The takeaway, since this question keeps being asked and answered, in several forms, e.g. 33917,150644, and is at the heart of the Goldstone theorem:

  • In SSB, the current is conserved, $ \partial_\mu j^\mu = 0$, as you wrote, and does crucial yeomanly work--that is why one is interested in SSB theories, to start with. The current starts out as linear as opposed to the normal bilinear, in the fields, so goes like $j_\mu = -v^2 \partial_\mu \phi ~$ for U(1), for instance. This means the goldstons shift under the related symmetry transformation, and so can push into and out of the nontrivial vacuum.

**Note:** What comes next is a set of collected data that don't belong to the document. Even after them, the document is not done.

theorem theorem3p1:
  fixes p p0 :: real and f g :: "nat \<Rightarrow> real" and \<phi> :: "real \<Rightarrow> real"
  assumes "1 < p" and "p < p0"
    and "\<forall>k\<ge>1. f k \<ge> 0" and "\<forall>k\<ge>1. g k \<ge> 0"
    and "\<forall>t\<ge>1. \<phi> t > 0" and "mono_on {1..} \<phi>"
    and "\<forall>w0. in_Ap p0 w0 \<longrightarrow>
           wnorm p0 w0 f \<le> ereal (\<phi> (real_of_ereal (Ap_const p0 w0))) * wnorm p0 w0 g"
    and "in_Ap p w" and "wnorm p w f < \<infinity>"
  shows "wnorm p w f \<le>
     ereal (2 powr ((p0 - p) / p0) *
            \<phi> ((2 * real_of_ereal (maxop_norm p w)) powr (p0 - p) * real_of_ereal (Ap_const p w)))
     * wnorm p w g"
proof -
  interpret Ap_weight p w using assms(1,8) by unfold_locales
  have "1 \<le> (2 * Mnorm) powr (p0 - p)"
    using Mnorm_ge_1 \<open>p < p0\<close> by (intro ge_one_powr_ge_zero) auto
  then have "0 < \<phi> ((2 * Mnorm) powr (p0 - p) * Ap)"
    using assms(5) Ap_ge_1 mult_mono[of 1 "(2 * Mnorm) powr (p0 - p)" 1 Ap] by simp
  consider "\<not> lp_summable p w g" | "\<forall>k\<ge>1. g k = 0" | "lp_summable p w g" "0 < lp_sum p w g"
  proof (cases "lp_summable p w g")
    case True
    then show ?thesis
      using that lp_sum_nonneg[OF weight_nonneg True] lp_sum_eq_0_iff[OF True weight_pos]
      by (cases "lp_sum p w g = 0") auto
  qed (use that in blast)
  then show ?thesis
  proof cases
    case 1
    then show ?thesis using \<open>0 < \<phi> _\<close> by (simp add: wnorm_eq)
  next
    case 2
    \<comment> \<open>no Rubio de Francia weight can be built from g; the constant weight forces f = 0\<close>
    have "in_Ap p0 (\<lambda>_. 1)" using assms(1,2) by (intro const_in_Ap) simp
    with assms(7) have "wnorm p0 (\<lambda>_. 1) f
        \<le> ereal (\<phi> (real_of_ereal (Ap_const p0 (\<lambda>_. 1)))) * wnorm p0 (\<lambda>_. 1) g"
      by blast
    then have "\<forall>k\<ge>1. f k = 0" using 2 by (rule vanishing_of_weighted_bound)
    then show ?thesis using \<open>0 < \<phi> _\<close> by (simp add: wnorm_eq lp_sum_zero)
  next
    case 3
    then show ?thesis using extrapolation_nonzero_case[OF assms(2,5,6,7)] by simp
  qed
qed

end
lemma card_words_hd: "k \<in> {1..K} \<Longrightarrow> card {w \<in> words K (Suc M). hd w = k} = (K - 1) ^ M"
proof (induction M arbitrary: k)
  case 0
  have "{w \<in> words K (Suc 0). hd w = k} = {[k]}"
    using 0 by (auto simp: words_altdef length_Suc_conv)
  then show ?case by simp
next
  case (Suc m)
  have "{w \<in> words K (Suc (Suc m)). hd w = k} =
      (#) k ` (\<Union>i\<in>{1..K} - {k}. {w \<in> words K (Suc m). hd w = i})"
    using Suc.prems by (auto simp: words_altdef distinct_adj_Cons length_Suc_conv)
  also have "card \<dots> = (\<Sum>i\<in>{1..K} - {k}. card {w \<in> words K (Suc m). hd w = i})"
    by (subst card_image) (auto intro!: card_UN_disjoint simp: finite_words)
  also have "\<dots> = (K - 1) ^ Suc m"
    using Suc by simp
  finally show ?case .
qed

definition alt_sum :: "real \<Rightarrow> nat \<Rightarrow> real" where
  "alt_sum x N = (\<Sum>M\<in>{1..N}. (-1) ^ M * x ^ (M - 1))"

lemma alt_sum_Suc: "alt_sum x (Suc N) = alt_sum x N - (- x) ^ N"
  unfolding alt_sum_def by (subst sum.cl_ivl_Suc) (simp add: power_minus[of x])

lemma alt_sum_closed_form: "(x + 1) * alt_sum x N = (- x) ^ N - 1"
proof (induction N)
  case (Suc N)
  then show ?case by (simp add: alt_sum_Suc algebra_simps)
qed (simp add: alt_sum_def)

lemma alt_sum_star_avg: "x * alt_sum x N + alt_sum x (Suc N) = -1"
  using alt_sum_closed_form[of x N] by (simp add: alt_sum_Suc algebra_simps)

lemma sum_atMost_alt_sum: "(\<Sum>M\<le>N. if M = 0 then 0 else (-1) ^ M * x ^ (M - 1)) = alt_sum x N"
proof -
  have "{..N} = insert 0 {1..N}" by auto
  then show ?thesis by (simp add: alt_sum_def)
qed

lemma Amat_mult:
  assumes "j \<in> {1..K}"
  shows "(\<Sum>i\<in>{1..K}. Amat K j i * x i) = 2 * x j - (\<Sum>i\<in>{1..K}. x i) / real K"
proof -
  have "Amat K j i * x i = (if i = j then 2 * x i else 0) - x i / real K" for i
    using assms by (auto simp: Amat_def field_simps)
  then show ?thesis
    using assms by (simp add: sum_subtractf sum_divide_distrib)
qed
lemma expectation_parents_blue_sq:
  assumes "0 < n" "5 \<le> size (choice_mset n d) + s"
  defines "T \<equiv> real (size (choice_mset n d))" and "W \<equiv> real (white n d)"
    and "B \<equiv> real (blue n d)"
  shows "measure_pmf.expectation (parents n s d) (\<lambda>d'. (real (blue n d'))\<^sup>2)
    = (T - 1) * (4 * real s * (real s - 1) * (T - 2) * W\<^sup>2
        + 4 * real s * (T - 3) * (T - 2) * W * B + (T - 4) * (T - 3) * (T - 2) * B\<^sup>2
        + 4 * real s * (T\<^sup>2 + T * real s - 6 * T + (real s)\<^sup>2 - 5 * real s + 10) * W
        + 2 * real s * (T - 2) * (2 * T + real s - 7) * B)
      / ((T + real s - 4) * (T + real s - 3) * (T + real s - 2) * (T + real s - 1))"
proof -
  let ?E = "measure_pmf.expectation (parents n s d)"
  let ?W = "\<lambda>d'. real (white n d')" and ?B = "\<lambda>d'. real (blue n d')"
  have "T + real s \<ge> 5"
    using assms(2) unfolding T_def by linarith
  then have nz: "T + real s - 1 \<noteq> 0" "T + real s - 2 \<noteq> 0"
    "T + real s - 3 \<noteq> 0" "T + real s - 4 \<noteq> 0"
    by auto
  have E_white: "?E ?W = (T - 1) * W / (T + real s - 1)"
    using expectation_parents_harmonic_product[OF assms(1) harmonic_white, of d s] nz
    by (simp add: T_def W_def)
  have E_white_pair: "?E (\<lambda>d'. ?W d' * (?W d' - 1))
      = ((T - 1) * (T - 2)) * (W * (W - 1)) / ((T + real s - 1) * (T + real s - 2))"
    using expectation_parents_harmonic_product[OF assms(1) harmonic_white_pair, of d s] nz
    by (simp add: T_def W_def)
  have E_excess: "?E (\<lambda>d'. ?B d' - 2 * ?W d')
      = ((T - 1) * (T - 2)) * (B - 2 * W) / ((T + real s - 1) * (T + real s - 2))"
    using expectation_parents_harmonic_product[OF assms(1) harmonic_blue_excess, of d s] nz
    by (simp add: T_def W_def B_def)
  have E_white_blue: "?E (\<lambda>d'. ?W d' * ?B d' - 2 * (?W d')\<^sup>2 + 2 * ?W d')
      = ((T - 1) * (T - 2) * (T - 3)) * (W * B - 2 * W\<^sup>2 + 2 * W)
        / ((T + real s - 1) * (T + real s - 2) * (T + real s - 3))"
    using expectation_parents_harmonic_product[OF assms(1) harmonic_white_blue, of d s] nz
    by (simp add: T_def W_def B_def)
  have E_excess_sq: "?E (\<lambda>d'. (?B d' - 2 * ?W d')\<^sup>2 - 4 * ?W d' - 2 * ?B d')
      = ((T - 1) * (T - 2) * (T - 3) * (T - 4)) * ((B - 2 * W)\<^sup>2 - 4 * W - 2 * B)
        / ((T + real s - 1) * (T + real s - 2) * (T + real s - 3) * (T + real s - 4))"
    using expectation_parents_harmonic_product[OF assms(1) harmonic_blue_excess_sq, of d s] nz
    by (simp add: T_def W_def B_def)
  have "?E (\<lambda>d'. (?B d')\<^sup>2)
      = ?E (\<lambda>d'. ((?B d' - 2 * ?W d')\<^sup>2 - 4 * ?W d' - 2 * ?B d')
          + 4 * (?W d' * ?B d' - 2 * (?W d')\<^sup>2 + 2 * ?W d') + 4 * (?W d' * (?W d' - 1))
          + 2 * (?B d' - 2 * ?W d') + 4 * ?W d')"
    by (rule arg_cong[where f = ?E]) (simp add: power2_eq_square algebra_simps)
  also have "\<dots> = ?E (\<lambda>d'. (?B d' - 2 * ?W d')\<^sup>2 - 4 * ?W d' - 2 * ?B d')
      + 4 * ?E (\<lambda>d'. ?W d' * ?B d' - 2 * (?W d')\<^sup>2 + 2 * ?W d')
      + 4 * ?E (\<lambda>d'. ?W d' * (?W d' - 1)) + 2 * ?E (\<lambda>d'. ?B d' - 2 * ?W d') + 4 * ?E ?W"
    using assms(1) by (simp add: integrable_parents)
  also have "\<dots> = (T - 1) * (4 * real s * (real s - 1) * (T - 2) * W\<^sup>2
        + 4 * real s * (T - 3) * (T - 2) * W * B + (T - 4) * (T - 3) * (T - 2) * B\<^sup>2
        + 4 * real s * (T\<^sup>2 + T * real s - 6 * T + (real s)\<^sup>2 - 5 * real s + 10) * W
        + 2 * real s * (T - 2) * (2 * T + real s - 7) * B)
      / ((T + real s - 4) * (T + real s - 3) * (T + real s - 2) * (T + real s - 1))"
    unfolding E_white E_white_pair E_excess E_white_blue E_excess_sq using nz by (simp add: divide_simps) algebra
  finally show ?thesis .
qed

theorem proposition2:
  fixes m n :: nat and d :: "nat \<Rightarrow> nat"
  assumes "m \<ge> 1" and "n \<ge> 1" and "(m + 1) * n \<ge> 5"
    and "d \<in> set_pmf (circuit m (n - 1))"
  defines "W \<equiv> real (white n d)" and "B \<equiv> real (blue n d)"
    and "M \<equiv> real m" and "N \<equiv> real n"
  shows
    "measure_pmf.expectation (parents n m d) (\<lambda>d'. (real (white n d'))\<^sup>2)
       = (M + 1) * (N - 1) * ((M*N - M + N - 2) * W + M) * W
         / ((M*N + N - 2) * (M*N + N - 1))
    \<and>
     measure_pmf.expectation (parents n m d) (\<lambda>d'. (real (blue n d'))\<^sup>2)
       = (M + 1) * (N - 1) *
         ( (4*M*(M - 1)*(M*N - M + N - 2)) * W\<^sup>2
         + (4*M*(M*N - M + N - 3)*(M*N - M + N - 2)) * W * B
         + ((M*N - M + N - 4)*(M*N - M + N - 3)*(M*N - M + N - 2)) * B\<^sup>2
         + (4*M*(M^2*N^2 - M^2*N + 2*M*N^2 + M^2 - 7*M*N + N^2 + M - 6*N + 10)) * W
         + (2*M*(M*N - M + N - 2)*(2*M*N - M + 2*N - 7)) * B )
         / ((M*N + N - 4) * (M*N + N - 3) * (M*N + N - 2) * (M*N + N - 1))"
proof -
  have "0 < n"
    using assms(2) by simp
  obtain k where n: "n = Suc k"
    using assms(2) by (cases n) auto
  have weight: "size (choice_mset n d) = n + m * k"
    using set_pmf_circuit_outdegrees[OF assms(4)] by (simp add: size_choice_mset n)
  have T: "real (size (choice_mset n d)) = M*N - M + N"
    unfolding weight by (simp add: M_def N_def n algebra_simps)
  have five: "5 \<le> size (choice_mset n d) + m"
    using assms(3) unfolding weight by (simp add: n algebra_simps)
  then have three: "3 \<le> size (choice_mset n d) + m"
    by simp
  show ?thesis
    unfolding expectation_parents_white_sq[OF \<open>0 < n\<close> three]
      expectation_parents_blue_sq[OF \<open>0 < n\<close> five]
      T W_def[symmetric] B_def[symmetric] M_def[symmetric]
    by (intro conjI arg_cong2[where f = "(/)"]) algebra+
qed

end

  • But the corresponding Noether charge is not well-defined, so its time derivative is also ill defined, and not vanishing, as per the Fabry-Picasso theorem--an infrared phenomenon. So ${d\over dt} Q = {d\over dt} \int_x J^0(x) \neq 0 $ because Q itself is not meaningful. (So using it in the C-M theorem is definitely unwarranted.)
  • You may live dangerously and utilize conservation of the unbroken charge in the lagrangian, as, e.g. in 149324, but you must ensure neither the Higgs that effects SSB nor its consequences (in fermion masses) are present in the terms involved. It is highly dangerous and contraindicated to novices.